*Activity:*
For the entries below, repeat exactly each line starting with the one that contains "p K). coset" and going on through the one that contains "unfolding cadd_def cact_def by force", and no others.

- Opening Delimiter -

lemma gact_sum_Fspan_U0:
  fixes K :: "'f::field set"
  assumes "0 < p" "y \<in> Fspan (U0 p K)"
  shows "gact_sum (p\<^sup>2) p p y = (\<lambda>i. gact_sum (p\<^sup>2) p p y 0 * group_sum (p\<^sup>2) i)"
proof -
  obtain S f where S: "S \<subseteq> U0 p K" "y = (\<lambda>i. \<Sum>m\<in>S. f m * m i)"
    using assms(2) by (auto simp: Fspan_def)
  define l :: "(nat \<Rightarrow> 'f) \<Rightarrow> 'f" where "l m = gact_sum (p\<^sup>2) p p m 0" for m
  have "gact_sum (p\<^sup>2) p p m i = l m * group_sum (p\<^sup>2) i" if "m \<in> S" for m i
    unfolding l_def using gact_sum_U0[OF assms(1) subsetD[OF S(1) that]] by (rule fun_cong)
  then have "gact_sum (p\<^sup>2) p p y i = (\<Sum>m\<in>S. f m * l m) * group_sum (p\<^sup>2) i" for i
    unfolding S(2) gact_sum_lincomb sum_distrib_right mult.assoc by (intro sum.cong refl) simp
  moreover have "group_sum (p\<^sup>2) 0 = (1::'f)" using assms(1) by (simp add: group_sum_def)
  ultimately show ?thesis by (simp add: fun_eq_iff)
qed

lemma coset_rep_with_gact_sum_zero:
  fixes K :: "'f::field set"
  assumes p: "0 < p" and K: "additive_subgroup K"
    and y: "y \<in> Fspan (U0 p K)" "gact_sum (p\<^sup>2) p p y \<in> U0 p K"
  shows "\<exists>x\<in>Fspan (U0 p K). coset (U0 p K) x = coset (U0 p K) y \<and> gact_sum (p\<^sup>2) p p x = (\<lambda>i. 0)"
proof -
  define l where "l = gact_sum (p\<^sup>2) p p y 0"
  have "- l \<in> K" using U0_coeff[OF K y(2)] K by (simp add: l_def additive_subgroup_def)
  then have lPhi: "(\<lambda>i. - l * Phi p i) \<in> U0 p K"
    using K by (intro scaled_Phi_in_U0[OF p]) (simp_all add: additive_subgroup_def)
  define x where "x = (\<lambda>i. y i + - l * Phi p i)"
  have "gact_sum (p\<^sup>2) p p x = (\<lambda>i. 0)"
    unfolding x_def gact_sum_add_scaled gact_sum_Fspan_U0[OF p y(1), folded l_def]
      gact_sum_Phi[of p p, folded power2_eq_square] by simp
  then show ?thesis
    using Fspan_add_mem[OF y(1) lPhi] coset_shift[OF additive_subgroup_U0[OF K] lPhi]
    unfolding x_def by blast
qed

text \<open>\<open>T(1) = T(1) + T(1)\<close> forces \<open>T(1)\<close> to be the zero coset.\<close>

lemma cocycle_T0_subset:
  assumes coc: "cocycle n M T" and n: "0 < n" and M: "additive_subgroup M" "M \<subseteq> FG n"
  shows "T 0 \<subseteq> M"
proof -
  obtain z where z: "z \<in> Fspan M" "T 0 = coset M z"
    using coc n by (auto simp: cocycle_def hat_def)
  have "gact n 0 z = z" using gact_0 Fspan_subset_FG[OF M(2)] z(1) by blast
  moreover have "z \<in> T 0" using z(2) mem_coset_self[OF M(1)] by simp
  ultimately have "(\<lambda>i. z i + z i) \<in> cadd (cact n 0 (T 0)) (T 0)"
    unfolding cadd_def cact_def by force
  moreover have "cadd (cact n 0 (T 0)) (T 0) = T 0"
    using coc n unfolding cocycle_def by (metis add_0 mod_0)
  ultimately obtain m where m: "m \<in> M" "(\<lambda>i. z i + z i) = (\<lambda>i. z i + m i)"
    using z(2) by (auto simp: coset_def)
  from m(2) have "z = m" by (simp add: fun_eq_iff)
  with m(1) have "z \<in> M" by simp
  then show ?thesis
    using z(2) additive_subgroup_funD(2)[OF M(1)] by (auto simp: coset_def)
qed

lemma cocycle_gact_sum:
  assumes coc: "cocycle n M T" and g: "g < n" and y: "y \<in> T g" "y \<in> FG n"
  shows "gact_sum n g (Suc k) y \<in> T (Suc k * g mod n)"
proof (induction k)
  case 0
  then show ?case using y g by (simp add: gact_sum_def gact_0)
next
  case (Suc k)
  let ?h = "Suc k * g mod n"
  have h: "?h < n" using g by simp
  have "T ((?h + g) mod n) = cadd (cact n ?h (T g)) (T ?h)"
    using coc h g unfolding cocycle_def by blast
  moreover have "(\<lambda>i. gact n ?h y i + gact_sum n g (Suc k) y i) \<in> cadd (cact n ?h (T g)) (T ?h)"
    using Suc.IH y(1) unfolding cadd_def cact_def by blast
  moreover have "gact_sum n g (Suc (Suc k)) y = (\<lambda>i. gact n ?h y i + gact_sum n g (Suc k) y i)"
    by (simp add: gact_sum_def fun_eq_iff add.commute)
  moreover have "(?h + g) mod n = Suc (Suc k) * g mod n"
    by (metis mod_add_left_eq mult_Suc add.commute)
  ultimately show ?case by simp
qed

lemma cocycle_gact_sum_mem:
  assumes coc: "cocycle n M T" and M: "additive_subgroup M" "M \<subseteq> FG n"
    and g: "g < n" "q * g mod n = 0" "0 < q" and y: "y \<in> T g" "y \<in> FG n"
  shows "gact_sum n g q y \<in> M"
proof -
  have "gact_sum n g (Suc (q - 1)) y \<in> T (Suc (q - 1) * g mod n)"
    using cocycle_gact_sum[OF coc g(1) y] .
  then have "gact_sum n g q y \<in> T 0" using g by simp
  then show ?thesis using cocycle_T0_subset[OF coc _ M] g(1) by auto
qed

lemma crys_pow_eq: "crys_pow n (g, x) k = (k * g mod n, gact_sum n g k x)"
proof (induction k)
  case 0
  then show ?case by (simp add: crys_pow_def crys_one_def gact_sum_def)
next
  case (Suc k)
  have "crys_pow n (g, x) (Suc k) = crys_mult n (g, x) (crys_pow n (g, x) k)"
    by (simp add: crys_pow_def)
  also have "\<dots> = (Suc k * g mod n, gact_sum n g (Suc k) x)"
    unfolding Suc by (simp add: crys_mult_def gact_sum_def mod_add_right_eq add.commute)
  finally show ?case .
qed

lemma crys_order:
  assumes "q * g mod n = 0" "\<And>k. 0 < k \<Longrightarrow> k < q \<Longrightarrow> k * g mod n \<noteq> 0"
    and "gact_sum n g q x = (\<lambda>i. 0)"
  shows "crys_pow n (g, x) q = crys_one \<and> (\<forall>k. 0 < k \<and> k < q \<longrightarrow> crys_pow n (g, x) k \<noteq> crys_one)"
  using assms by (simp add: crys_pow_eq crys_one_def)

theorem lemma11:
  fixes p :: nat and K :: "'f::field set" and T :: "nat \<Rightarrow> (nat \<Rightarrow> 'f) set"
  assumes "prime p"
    and "is_K p K"
    and "cocycle (p^2) (U0 p K) T"
  shows "\<exists>e\<in>Crys (p^2) (U0 p K) T.
           crys_pow (p^2) e p = crys_one \<and>
           (\<forall>k. 0 < k \<and> k < p \<longrightarrow> crys_pow (p^2) e k \<noteq> crys_one)"
proof -
  let ?n = "p\<^sup>2" and ?M = "U0 p K"
  have p: "0 < p" "p < ?n"
    using prime_gt_1_nat[OF assms(1)] by (simp_all add: power2_eq_square)
  have K: "additive_subgroup K" using is_K_additive_subgroup[OF assms(1,2)] .
  have M: "additive_subgroup ?M" "?M \<subseteq> FG ?n" using additive_subgroup_U0[OF K] U0_subset_FG .
  obtain y where y: "y \<in> Fspan ?M" "T p = coset ?M y"
    using assms(3) p(2) by (auto simp: cocycle_def hat_def)
  have "gact_sum ?n p p y \<in> ?M"
    using cocycle_gact_sum_mem[OF assms(3) M p(2)] mem_coset_self[OF M(1)] y p(1)
      Fspan_subset_FG[OF M(2)] by (auto simp: power2_eq_square)
  then obtain x where x: "x \<in> Fspan ?M" "coset ?M x = T p" "gact_sum ?n p p x = (\<lambda>i. 0)"
    using coset_rep_with_gact_sum_zero[OF p(1) K y(1)] y(2) by auto
  have "(p, x) \<in> Crys ?n ?M T" using p(2) x(1,2) by (simp add: Crys_def)
  moreover have "crys_pow ?n (p, x) p = crys_one \<and>
      (\<forall>k. 0 < k \<and> k < p \<longrightarrow> crys_pow ?n (p, x) k \<noteq> crys_one)"
    using x(3) by (intro crys_order) (simp_all add: power2_eq_square)
  ultimately show ?thesis by blast
qed

end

- Closing Delimiter -

*Solution to this problem:*
  shows "\<exists>x\<in>Fspan (U0 p K). coset (U0 p K) x = coset (U0 p K) y \<and> gact_sum (p\<^sup>2) p p x = (\<lambda>i. 0)"
proof -
  define l where "l = gact_sum (p\<^sup>2) p p y 0"
  have "- l \<in> K" using U0_coeff[OF K y(2)] K by (simp add: l_def additive_subgroup_def)
  then have lPhi: "(\<lambda>i. - l * Phi p i) \<in> U0 p K"
    using K by (intro scaled_Phi_in_U0[OF p]) (simp_all add: additive_subgroup_def)
  define x where "x = (\<lambda>i. y i + - l * Phi p i)"
  have "gact_sum (p\<^sup>2) p p x = (\<lambda>i. 0)"
    unfolding x_def gact_sum_add_scaled gact_sum_Fspan_U0[OF p y(1), folded l_def]
      gact_sum_Phi[of p p, folded power2_eq_square] by simp
  then show ?thesis
    using Fspan_add_mem[OF y(1) lPhi] coset_shift[OF additive_subgroup_U0[OF K] lPhi]
    unfolding x_def by blast
qed

text \<open>\<open>T(1) = T(1) + T(1)\<close> forces \<open>T(1)\<close> to be the zero coset.\<close>

lemma cocycle_T0_subset:
  assumes coc: "cocycle n M T" and n: "0 < n" and M: "additive_subgroup M" "M \<subseteq> FG n"
  shows "T 0 \<subseteq> M"
proof -
  obtain z where z: "z \<in> Fspan M" "T 0 = coset M z"
    using coc n by (auto simp: cocycle_def hat_def)
  have "gact n 0 z = z" using gact_0 Fspan_subset_FG[OF M(2)] z(1) by blast
  moreover have "z \<in> T 0" using z(2) mem_coset_self[OF M(1)] by simp
  ultimately have "(\<lambda>i. z i + z i) \<in> cadd (cact n 0 (T 0)) (T 0)"
    unfolding cadd_def cact_def by force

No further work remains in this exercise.